Since the \(95\)% confidence interval contains \(0\), we conclude that prey species \(1\) and \(2\) are equally preferred within the first two time periods. N.B. We specified the significance level with `sig.level=0.8`

to force `testC`

to use the model specified in the alternative hypothesis; this was purely for demonstration of linear contrasts.

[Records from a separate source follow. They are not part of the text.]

definition dstar_mult :: "'v set \<Rightarrow> ('v \<Rightarrow> 'v \<Rightarrow> bool) \<Rightarrow> ('v \<Rightarrow> complex) \<Rightarrow> 'v \<times> 'v \<Rightarrow> complex" where
  "dstar_mult V adj g a = (\<Sum>x\<in>V. cnj (bdry V adj x a) * g x)"

definition shift_mult :: "'v set \<Rightarrow> ('v \<Rightarrow> 'v \<Rightarrow> bool) \<Rightarrow> ('v \<times> 'v \<Rightarrow> complex) \<Rightarrow> 'v \<times> 'v \<Rightarrow> complex" where
  "shift_mult V adj f a = (\<Sum>b\<in>arcs V adj. (if a = (snd b, fst b) then 1 else 0) * f b)"

definition walk_U :: "'v set \<Rightarrow> ('v \<Rightarrow> 'v \<Rightarrow> bool) \<Rightarrow> ('v \<times> 'v \<Rightarrow> complex) \<Rightarrow> 'v \<times> 'v \<Rightarrow> complex" where
  "walk_U V adj f = shift_mult V adj (\<lambda>a. 2 * dstar_mult V adj (d_mult V adj f) a - f a)"

definition unit_vec :: "'v \<Rightarrow> 'v \<Rightarrow> complex" where
  "unit_vec x = (\<lambda>y. if y = x then 1 else 0)"

text \<open>Perfect state transfer; vectors on arcs are compared on the arc set.\<close>
definition has_PST :: "'v set \<Rightarrow> ('v \<Rightarrow> 'v \<Rightarrow> bool) \<Rightarrow> bool" where
  "has_PST V adj \<longleftrightarrow> (\<exists>x\<in>V. \<exists>y\<in>V. \<exists>(\<tau>::nat) (\<gamma>::complex). x \<noteq> y \<and> \<tau> \<ge> 1 \<and> norm \<gamma> = 1 \<and>
     (\<forall>a\<in>arcs V adj. (walk_U V adj ^^ \<tau>) (dstar_mult V adj (unit_vec x)) a
                      = \<gamma> * dstar_mult V adj (unit_vec y) a))"

text \<open>Circulant graph X(Z_n, S): vertices 0..n-1 (representatives of Z_n),
 x ~ y iff (y - x) mod n \<in> S, where S is a set of residues in {0..n-1}.\<close>
definition circ_V :: "nat \<Rightarrow> int set" where
  "circ_V n = {0..<int n}"

definition circ_adj :: "nat \<Rightarrow> int set \<Rightarrow> int \<Rightarrow> int \<Rightarrow> bool" where
  "circ_adj n S x y \<longleftrightarrow> (y - x) mod int n \<in> S"

end

theory Submission
  imports Defs
begin

(*
  Pair a vector on arcs with the character u |-> zeta^u of Z_n, once at the head and once at
  the tail of each arc.  For a circulant graph with symmetric connection set S of size k, these
  two numbers evolve under the Grover walk U by the Chebyshev recurrence with parameter
  cos theta = sigma / k, where sigma = sum_{s in S} zeta^s is real because S = -S.  Hence the head
  pairing of U^t d^* e_x is sqrt k * zeta^x * cos (t theta), and perfect state transfer at time
  tau forces |cos (tau theta)| = 1.  So e^(i theta) is a root of unity, and
  2 sigma / k = e^(i theta) + e^(-i theta) is an algebraic integer, being a root of D_m - 2 for
  the monic integer Dickson polynomial with D_m (w + 1/w) = w^m + w^-m.
*)

fun dickson :: "nat \<Rightarrow> 'a::comm_ring_1 poly" where
  "dickson 0 = [:2:]"
| "dickson (Suc 0) = [:0, 1:]"
| "dickson (Suc (Suc m)) = pCons 0 (dickson (Suc m)) - dickson m"

lemma coeff_dickson_Ints: "coeff (dickson m) i \<in> \<int>"
  by (induction m arbitrary: i rule: dickson.induct) (auto simp: coeff_pCons split: nat.split)

lemma degree_dickson_le: "degree (dickson m) \<le> m"
  by (induction m rule: dickson.induct) (auto intro: degree_diff_le order.trans)

lemma coeff_dickson_self: "m > 0 \<Longrightarrow> coeff (dickson m) m = 1"
proof (induction m rule: dickson.induct)
  case (3 m)
  have "degree (dickson m :: 'a poly) < Suc (Suc m)"
    using degree_dickson_le[of m, where 'a='a] by linarith
  with "3.IH" show ?case
    by (simp add: coeff_eq_0)
qed auto

lemma degree_dickson: "m > 0 \<Longrightarrow> degree (dickson m) = m"
  by (metis coeff_dickson_self degree_dickson_le le_antisym le_degree zero_neq_one)

lemma poly_dickson_plus_inverse:
  fixes w :: "'a::field"
  assumes "w \<noteq> 0"
  shows "poly (dickson m) (w + inverse w) = w ^ m + inverse w ^ m"
  using assms by (induction m rule: dickson.induct) (auto simp: field_simps)

lemma algebraic_int_plus_inverse_root_of_unity:
  fixes w :: complex
  assumes "w ^ m = 1" and "m > 0"
  shows "algebraic_int (w + inverse w)"
proof (rule algebraic_int_root)
  have "w \<noteq> 0"
    using assms by (metis power_0_left zero_neq_one not_gr0)
  then show "poly (dickson m) (w + inverse w) = 2"
    using assms by (simp add: poly_dickson_plus_inverse power_inverse)
qed (use \<open>m > 0\<close> in
    \<open>auto simp: degree_dickson coeff_dickson_self coeff_dickson_Ints\<close>)

lemma algebraic_int_two_cos:
  assumes "\<bar>cos (real \<tau> * \<theta>)\<bar> = 1" and "\<tau> > 0"
  shows "algebraic_int (complex_of_real (2 * cos \<theta>))"
proof -
  have "cos (real \<tau> * \<theta>) ^ 2 = \<bar>cos (real \<tau> * \<theta>)\<bar> ^ 2"
    by simp
  also have "\<dots> = 1"
    by (simp only: assms(1) power_one)
  finally have "cos (real \<tau> * \<theta>) ^ 2 = 1" .
  then have "sin (real \<tau> * \<theta>) = 0"
    using sin_cos_squared_add[of "real \<tau> * \<theta>"] by simp
  then obtain i :: int where i: "real \<tau> * \<theta> = of_int i * pi"
    by (auto simp: sin_zero_iff_int2)
  have "real (2 * \<tau>) * \<theta> = 2 * pi * of_int i"
    using i by simp
  then have "cis \<theta> ^ (2 * \<tau>) = 1"
    by (simp only: DeMoivre cis_multiple_2pi Ints_of_int)
  then have "algebraic_int (cis \<theta> + inverse (cis \<theta>))"
    by (rule algebraic_int_plus_inverse_root_of_unity) (use assms(2) in simp)
  moreover have "cis \<theta> + inverse (cis \<theta>) = complex_of_real (2 * cos \<theta>)"
    by (simp add: complex_eq_iff)
  ultimately show ?thesis
    by simp
qed

lemma cos_multiple_recurrence:
  "cos (real (Suc (Suc t)) * \<theta>) = 2 * cos \<theta> * cos (real (Suc t) * \<theta>) - cos (real t * \<theta>)"
proof -
  have "cos (real (Suc t) * \<theta> + \<theta>) + cos (real (Suc t) * \<theta> - \<theta>)
      = 2 * cos \<theta> * cos (real (Suc t) * \<theta>)"
    by (simp only: cos_add cos_diff) (simp add: algebra_simps)
  moreover have "real (Suc t) * \<theta> + \<theta> = real (Suc (Suc t)) * \<theta>"
    and "real (Suc t) * \<theta> - \<theta> = real t * \<theta>"
    by (simp_all add: algebra_simps)
  ultimately show ?thesis
    by simp
qed

lemma chebyshev_recurrence_solution:
  fixes p :: "nat \<Rightarrow> complex"
  assumes "p 0 = c" and "p 1 = c * of_real (cos \<theta>)"
    and "\<And>t. p (Suc (Suc t)) = 2 * of_real (cos \<theta>) * p (Suc t) - p t"
  shows "p t = c * of_real (cos (real t * \<theta>))"
proof -
  have "p t = c * of_real (cos (real t * \<theta>))
      \<and> p (Suc t) = c * of_real (cos (real (Suc t) * \<theta>))"
  proof (induction t)
    case 0
    then show ?case
      using assms(1,2) by simp
  next
    case (Suc t)
    then have "p (Suc (Suc t))
        = c * of_real (2 * cos \<theta> * cos (real (Suc t) * \<theta>) - cos (real t * \<theta>))"
      by (simp add: assms(3) algebra_simps)
    then show ?case
      using Suc by (simp only: cos_multiple_recurrence)
  qed
  then show ?thesis ..
qed

locale circulant =
  fixes n :: nat and S :: "int set"
  assumes n_pos: "n > 0"
    and S_subset: "S \<subseteq> {0..<int n}"
    and S_symmetric: "\<And>s. s \<in> S \<Longrightarrow> (- s) mod int n \<in> S"
    and S_nonempty: "S \<noteq> {}"
begin

abbreviation "V \<equiv> circ_V n"
abbreviation "adj \<equiv> circ_adj n S"
abbreviation "A \<equiv> arcs V adj"

definition nbrs :: "int \<Rightarrow> int set" where
  "nbrs x = {y \<in> V. adj x y}"

lemma finite_S: "finite S"
  using S_subset finite_atLeastLessThan_int finite_subset by blast

lemma card_S_pos: "card S > 0"
  using finite_S S_nonempty by (simp add: card_gt_0_iff)

lemma adj_sym: "adj u v \<longleftrightarrow> adj v u"
proof -
  have "adj v u" if "adj u v" for u v
  proof -
    have "(- ((v - u) mod int n)) mod int n \<in> S"
      using that S_symmetric by (simp add: circ_adj_def)
    then show ?thesis
      by (simp add: circ_adj_def mod_minus_eq)
  qed
  then show ?thesis
    by blast
qed

lemma sum_nbrs: "(\<Sum>y\<in>nbrs x. f y) = (\<Sum>s\<in>S. f ((x + s) mod int n))"
proof (rule sum.reindex_bij_witness[symmetric,
    where j = "\<lambda>s. (x + s) mod int n" and i = "\<lambda>y. (y - x) mod int n"])
  fix s
  assume s: "s \<in> S"
  then have s_mod: "s mod int n = s"
    using S_subset by auto
  then show "((x + s) mod int n - x) mod int n = s"
    by (simp add: mod_diff_left_eq)
  show "(x + s) mod int n \<in> nbrs x"
    using s s_mod n_pos by (simp add: nbrs_def circ_V_def circ_adj_def mod_diff_left_eq)
next
  fix y
  assume y: "y \<in> nbrs x"
  then have "0 \<le> y" "y < int n"
    by (auto simp: nbrs_def circ_V_def)
  then show "(x + (y - x) mod int n) mod int n = y"
    by (simp add: mod_add_right_eq)
  show "(y - x) mod int n \<in> S"
    using y by (simp add: nbrs_def circ_adj_def)
qed simp

lemma card_nbrs: "card (nbrs x) = card S"
  using sum_nbrs[where x = x and f = "\<lambda>_. 1 :: nat"] by simp

lemma finite_nbrs [simp]: "finite (nbrs x)"
  unfolding nbrs_def by (rule finite_subset[of _ V]) (auto simp: circ_V_def)

lemma arcs_eq_Sigma: "A = Sigma V nbrs"
  by (auto simp: arcs_def nbrs_def)

lemma finite_arcs: "finite A"
  unfolding arcs_eq_Sigma by (simp add: circ_V_def)

lemma sum_arcs: "(\<Sum>a\<in>A. F a) = (\<Sum>u\<in>V. \<Sum>v\<in>nbrs u. F (u, v))"
  unfolding arcs_eq_Sigma by (subst sum.Sigma) (auto simp: circ_V_def)

lemma swap_in_arcs: "(u, v) \<in> A \<Longrightarrow> (v, u) \<in> A"
  using adj_sym by (auto simp: arcs_def)

lemma sum_arcs_swap: "(\<Sum>a\<in>A. F a) = (\<Sum>a\<in>A. F (snd a, fst a))"
  by (rule sum.reindex_bij_witness[where i = "\<lambda>a. (snd a, fst a)"
        and j = "\<lambda>a. (snd a, fst a)"])
     (auto intro: swap_in_arcs)

lemma bdry_eq: "bdry V adj x a = (if x = snd a then 1 / sqrt (card S) else 0)"
  by (simp add: bdry_def gdeg_def card_nbrs[unfolded nbrs_def])

lemma sqrt_card_S_squared:
  "complex_of_real (sqrt (card S)) * complex_of_real (sqrt (card S)) = of_nat (card S)"
  by (simp flip: of_real_mult)

definition incoming :: "(int \<times> int \<Rightarrow> complex) \<Rightarrow> int \<Rightarrow> complex" where
  "incoming g u = (\<Sum>c\<in>{c \<in> A. snd c = u}. g c)"

lemma d_mult_eq: "d_mult V adj g u = incoming g u / sqrt (card S)"
  unfolding d_mult_def bdry_eq incoming_def sum_divide_distrib
  by (rule sum.mono_neutral_cong_right) (auto simp: finite_arcs)

lemma dstar_mult_eq:
  assumes "b \<in> A"
  shows "dstar_mult V adj F b = F (snd b) / sqrt (card S)"
proof -
  have "dstar_mult V adj F b = (\<Sum>x\<in>V. if x = snd b then F x / sqrt (card S) else 0)"
    unfolding dstar_mult_def bdry_eq by (rule sum.cong) auto
  then show ?thesis
    using assms by (cases b) (simp add: arcs_def circ_V_def)
qed

lemma walk_U_eq:
  assumes "a \<in> A"
  shows "walk_U V adj g a = 2 / card S * incoming g (fst a) - g (snd a, fst a)"
proof -
  have swap: "(snd a, fst a) \<in> A"
    using assms swap_in_arcs by (cases a) simp
  have "walk_U V adj g a
      = (\<Sum>b\<in>A. if b = (snd a, fst a)
            then 2 * dstar_mult V adj (d_mult V adj g) b - g b else 0)"
    unfolding walk_U_def shift_mult_def by (rule sum.cong) auto
  also have "\<dots> = 2 * dstar_mult V adj (d_mult V adj g) (snd a, fst a) - g (snd a, fst a)"
    using swap finite_arcs by simp
  also have "\<dots> = 2 / card S * incoming g (fst a) - g (snd a, fst a)"
    using card_S_pos by (simp add: dstar_mult_eq[OF swap] d_mult_eq sqrt_card_S_squared)
  finally show ?thesis .
qed

definition zeta_pow :: "int \<Rightarrow> complex" where
  "zeta_pow z = cis (2 * pi * of_int z / n)"
section \<open>The resolution condition\<close>

lemma resolution_condition_bound:
  fixes c \<epsilon> :: real and p :: nat
  assumes c: "0 < c" and \<epsilon>: "0 < \<epsilon>" and p: "1 \<le> p"
  shows "\<exists>C4>0. \<forall>N x. c \<le> N \<longrightarrow> 0 < x \<longrightarrow> x ^ (2 * p) * N \<le> \<epsilon> \<longrightarrow>
           (1 + x ^ p * N) * (x + x ^ p * N) \<le> C4 * N"
proof -
  define m where "m = max 1 (\<epsilon> / c)"
  define q where "q = (\<epsilon> / c + 1) / 2"
  have m: "1 \<le> m" "\<epsilon> / c \<le> m" and q: "0 < q"
    using c \<epsilon> by (simp_all add: m_def q_def add_pos_pos)
  have "(1 + x ^ p * N) * (x + x ^ p * N) \<le> (m / c + q + m * q + \<epsilon>) * N"
    if N: "c \<le> N" and x: "0 < x" and small: "x ^ (2 * p) * N \<le> \<epsilon>" for N x
  proof -
    define t where "t = x ^ p * N"
    have N0: "0 < N" and t0: "0 \<le> t"
      using c N x by (simp_all add: t_def)
    have x_le_m: "x \<le> m"
    proof (cases "x \<le> 1")
      case False
      have "x = x ^ 1"
        by simp
      also have "\<dots> \<le> x ^ (2 * p)"
        using False p by (intro power_increasing) auto
      also have "\<dots> \<le> \<epsilon> / N"
        using small N0 by (simp add: le_divide_eq)
      also have "\<dots> \<le> \<epsilon> / c"
        using N c \<epsilon> by (intro divide_left_mono) auto
      finally show ?thesis
        using m by simp
    qed (use m in simp)
    have "m \<le> m / c * N"
      using mult_left_mono[OF N, of m] m c by (simp add: field_simps)
    then have x_le: "x \<le> m / c * N"
      using x_le_m by simp
    have t2: "t\<^sup>2 \<le> \<epsilon> * N"
    proof -
      have "t\<^sup>2 = x ^ (2 * p) * N * N"
        by (simp add: t_def power_mult_distrib power_mult power2_eq_square)
      then show ?thesis
        using mult_right_mono[OF small, of N] N0 by simp
    qed
    \<comment> \<open>\<open>2 t N \<le> t\<^sup>2 + N\<^sup>2 \<le> (\<epsilon> + N) N\<close>\<close>
    have t_le: "t \<le> q * N"
    proof -
      have "2 * t * N \<le> (\<epsilon> + N) * N"
        using sum_squares_bound[of t N] t2 by (simp add: power2_eq_square algebra_simps)
      then have "2 * t \<le> \<epsilon> + N"
        using N0 by simp
      moreover have "\<epsilon> \<le> \<epsilon> / c * N"
        using mult_left_mono[OF N, of \<epsilon>] c \<epsilon> by (simp add: field_simps)
      ultimately show ?thesis
        unfolding q_def by (simp add: field_simps)
    qed
    have xt: "x * t \<le> m * (q * N)"
      using mult_mono[OF x_le_m t_le] m t0 by simp
    have "(1 + t) * (x + t) = x + t + x * t + t\<^sup>2"
      by (simp add: power2_eq_square algebra_simps)
    also have "\<dots> \<le> m / c * N + q * N + m * (q * N) + \<epsilon> * N"
      using x_le t_le xt t2 by linarith
    also have "\<dots> = (m / c + q + m * q + \<epsilon>) * N"
      by (simp add: algebra_simps)
    finally show ?thesis
      unfolding t_def .
  qed
  moreover have "0 < m / c + q + m * q + \<epsilon>"
    using m q c \<epsilon> by (simp add: add_pos_pos)
  ultimately show ?thesis
    by blast
qed

theorem corollary4p10:
  fixes ipH :: "real \<Rightarrow> 'h::cvector \<Rightarrow> 'h \<Rightarrow> complex"
    and ip0 :: "real \<Rightarrow> 'g::cvector \<Rightarrow> 'g \<Rightarrow> complex"
    and J D :: "real \<Rightarrow> 'h \<Rightarrow> 'g"
    and b a :: "real \<Rightarrow> 'h \<Rightarrow> 'h \<Rightarrow> complex"
    and minv epsop :: "real \<Rightarrow> 'g \<Rightarrow> 'g"
    and CG1 CG2 :: "real \<Rightarrow> real"
    and p :: nat
    and Vh :: "real \<Rightarrow> 'h set"
    and C1 C2 C3 :: real
  assumes std: "\<forall>k>0. standing_assms (ipH k) (ip0 k) (J k) (D k) (b k) (minv k) (epsop k) (a k) (CG1 k) (CG2 k)"
    and inv: "\<forall>k>0. form_invertible (ipH k) (a k)"
    and lower: "\<forall>k0>0. \<exists>c>0. \<forall>k\<ge>k0. c \<le> Ainv_norm (ipH k) (ip0 k) (J k) (a k)"
    and p: "p \<ge> 1"
    and Vh: "\<forall>h>0. fd_csubspace (Vh h)"
    and C: "C1 > 0" "C2 > 0" "C3 > 0"
    and qo: "\<forall>k>0. \<forall>h>0. (k * h) ^ (2 * p) * Ainv_norm (ipH k) (ip0 k) (J k) (a k) \<le> C1 \<longrightarrow>
               (\<forall>u uh. uh \<in> Vh h \<and> (\<forall>vh\<in>Vh h. a k (u - uh) vh = 0) \<longrightarrow>
                  ipnorm (ipH k) (u - uh) \<le> C2 * (1 + (k * h) ^ p * Ainv_norm (ipH k) (ip0 k) (J k) (a k))
                     * ipnorm (ipH k) (u - orth_proj (ipH k) (Vh h) u))"
    and adj: "\<forall>k>0. \<forall>h>0. (k * h) ^ (2 * p) * Ainv_norm (ipH k) (ip0 k) (J k) (a k) \<le> C1 \<longrightarrow>
               opnorm (ipnorm (ip0 k)) (ipnorm (ipH k))
                 (\<lambda>f. Ainv (ip0 k) (J k) (a k) f - orth_proj (ipH k) (Vh h) (Ainv (ip0 k) (J k) (a k) f))
               \<le> C3 * (k * h + (k * h) ^ p * Ainv_norm (ipH k) (ip0 k) (J k) (a k))"
  shows "\<forall>k0>0. \<forall>\<epsilon>. 0 < \<epsilon> \<and> \<epsilon> \<le> C1 \<longrightarrow>
           (\<exists>C4>0. \<forall>k\<ge>k0. \<forall>h>0.
              (k * h) ^ (2 * p) * Ainv_norm (ipH k) (ip0 k) (J k) (a k) \<le> \<epsilon> \<longrightarrow>
              ereal (1 / (inverse (CG1 k) * (1 + CG2 k * (1 + C2 * C3 * C4) * Ainv_norm (ipH k) (ip0 k) (J k) (a k))))
              \<le> (INF uh\<in>Vh h - {0}. SUP vh\<in>Vh h - {0}.
                    ereal (cmod (a k uh vh) / (ipnorm (ipH k) uh * ipnorm (ipH k) vh))))"
proof (intro allI impI)
  fix k0 \<epsilon> :: real
  assume k0: "k0 > 0" and \<epsilon>: "0 < \<epsilon> \<and> \<epsilon> \<le> C1"
  obtain c where c: "c > 0" "\<And>k. k0 \<le> k \<Longrightarrow> c \<le> Ainv_norm (ipH k) (ip0 k) (J k) (a k)"
    using lower k0 by blast
  obtain C4 where C4: "C4 > 0" and bound: "\<And>N x. c \<le> N \<Longrightarrow> 0 < x \<Longrightarrow> x ^ (2 * p) * N \<le> \<epsilon> \<Longrightarrow>
      (1 + x ^ p * N) * (x + x ^ p * N) \<le> C4 * N"
    using resolution_condition_bound[OF c(1) _ p] \<epsilon> by blast
  have "ereal (1 / (inverse (CG1 k) * (1 + CG2 k * ((1 + C2 * C3 * C4) * Ainv_norm (ipH k) (ip0 k) (J k) (a k)))))
      \<le> (INF uh\<in>Vh h - {0}. SUP vh\<in>Vh h - {0}.
            ereal (cmod (a k uh vh) / (ipnorm (ipH k) uh * ipnorm (ipH k) vh)))"
    if k: "k0 \<le> k" and h: "0 < h" and small: "(k * h) ^ (2 * p) * Ainv_norm (ipH k) (ip0 k) (J k) (a k) \<le> \<epsilon>"
    for k h
  proof -
    let ?N = "Ainv_norm (ipH k) (ip0 k) (J k) (a k)"
    let ?Q = "C2 * (1 + (k * h) ^ p * ?N)" and ?A = "C3 * (k * h + (k * h) ^ p * ?N)"
    have "k > 0" "c \<le> ?N" "0 < k * h" and resolved: "(k * h) ^ (2 * p) * ?N \<le> C1"
      using k k0 c h small \<epsilon> by auto
    then have "0 \<le> ?Q"
      using C c(1) by simp
    interpret galerkin_quasi_optimal "ipH k" "ip0 k" "J k" "D k" "b k" "a k" "minv k" "epsop k"
      "CG1 k" "CG2 k" "Vh h" ?Q ?A
      by (unfold_locales; insert std[rule_format, OF \<open>k > 0\<close>] inv[rule_format, OF \<open>k > 0\<close>]
          Vh[rule_format, OF h] \<open>0 \<le> ?Q\<close> qo[rule_format, OF \<open>k > 0\<close> h resolved]
          adj[rule_format, OF \<open>k > 0\<close> h resolved]; blast)
    have "?N + ?Q * ?A \<le> (1 + C2 * C3 * C4) * ?N"
      using mult_left_mono[OF bound[OF \<open>c \<le> ?N\<close> \<open>0 < k * h\<close> small], of "C2 * C3"] C
      by (simp add: algebra_simps)
    then show ?thesis
      by (rule inf_sup_lower_bound)
  qed
  then show "\<exists>C4>0. \<forall>k\<ge>k0. \<forall>h>0.
          (k * h) ^ (2 * p) * Ainv_norm (ipH k) (ip0 k) (J k) (a k) \<le> \<epsilon> \<longrightarrow>
          ereal (1 / (inverse (CG1 k) * (1 + CG2 k * (1 + C2 * C3 * C4) * Ainv_norm (ipH k) (ip0 k) (J k) (a k))))
          \<le> (INF uh\<in>Vh h - {0}. SUP vh\<in>Vh h - {0}.
                ereal (cmod (a k uh vh) / (ipnorm (ipH k) uh * ipnorm (ipH k) vh)))"
    using C4 by (auto simp: mult.assoc)
qed

end
(* Let $k\ge 1$ be an integer. Every $4k$-edge-connected graph contains $k$ pairwise edge-disjoint $(2,2)$-tight spanning subgraphs.
   Context: A connected graph is $m$-edge-connected if it remains connected after the removal of any $m-1$ edges. Graphs are finite and simple. A graph $G$ is $(2,2)$-sparse if $|E(H)|\le\max\{2|V(H)|-2,0\}$ for every subgraph $H$ of $G$, and $(2,2)$-tight if moreover $|E(G)|=2|V(G)|-2$. *)

theory Defs
  imports Main
begin

definition simple_graph :: "'a set \<Rightarrow> 'a set set \<Rightarrow> bool" where
  "simple_graph V E \<longleftrightarrow> finite V \<and> (\<forall>e\<in>E. \<exists>u v. e = {u, v} \<and> u \<in> V \<and> v \<in> V \<and> u \<noteq> v)"

definition connected_graph :: "'a set \<Rightarrow> 'a set set \<Rightarrow> bool" where
  "connected_graph V E \<longleftrightarrow> V \<noteq> {} \<and>
     (\<forall>u\<in>V. \<forall>v\<in>V. (\<lambda>x y. {x, y} \<in> E)\<^sup>*\<^sup>* u v)"

definition edge_connected :: "nat \<Rightarrow> 'a set \<Rightarrow> 'a set set \<Rightarrow> bool" where
  "edge_connected m V E \<longleftrightarrow> connected_graph V E \<and>
     (\<forall>F. F \<subseteq> E \<and> card F < m \<longrightarrow> connected_graph V (E - F))"

definition sparse22 :: "'a set \<Rightarrow> 'a set set \<Rightarrow> bool" where
  "sparse22 V E \<longleftrightarrow> (\<forall>W F'. W \<subseteq> V \<and> F' \<subseteq> E \<and> (\<forall>e\<in>F'. e \<subseteq> W) \<longrightarrow>
       int (card F') \<le> max (2 * int (card W) - 2) 0)"

definition tight22 :: "'a set \<Rightarrow> 'a set set \<Rightarrow> bool" where
  "tight22 V E \<longleftrightarrow> sparse22 V E \<and> int (card E) = 2 * int (card V) - 2"

end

Dempster, Arthur P, Nan M Laird, and Donald B Rubin. 1977. “Maximum Likelihood from Incomplete Data via the EM Algorithm.” *Journal of the Royal Statistical Society. Series B (Methodological)* 39 (1). JSTOR: 1–38.

Roualdes, Edward A, Simon J Bonner, Thomas D Whitney, and James D Harwood. 2016. “Formal Modelling of Predator Preferences Using Molecular Gut-Content Analysis.” *Environmental and Ecological Statistics*.

Strauss, Richard E. 1979. “Reliability Estimates for Ivlev’s Electivity Index, the Forage Ratio, and a Proposed Linear Index of Food Selection.” *Transactions of the American Fisheries Society* 108 (4). Taylor & Francis: 344–52.

Wilks, Samuel S. 1938. “The Large-Sample Distribution of the Likelihood Ratio for Testing Composite Hypotheses.” *The Annals of Mathematical Statistics* 9 (1). JSTOR: 60–62.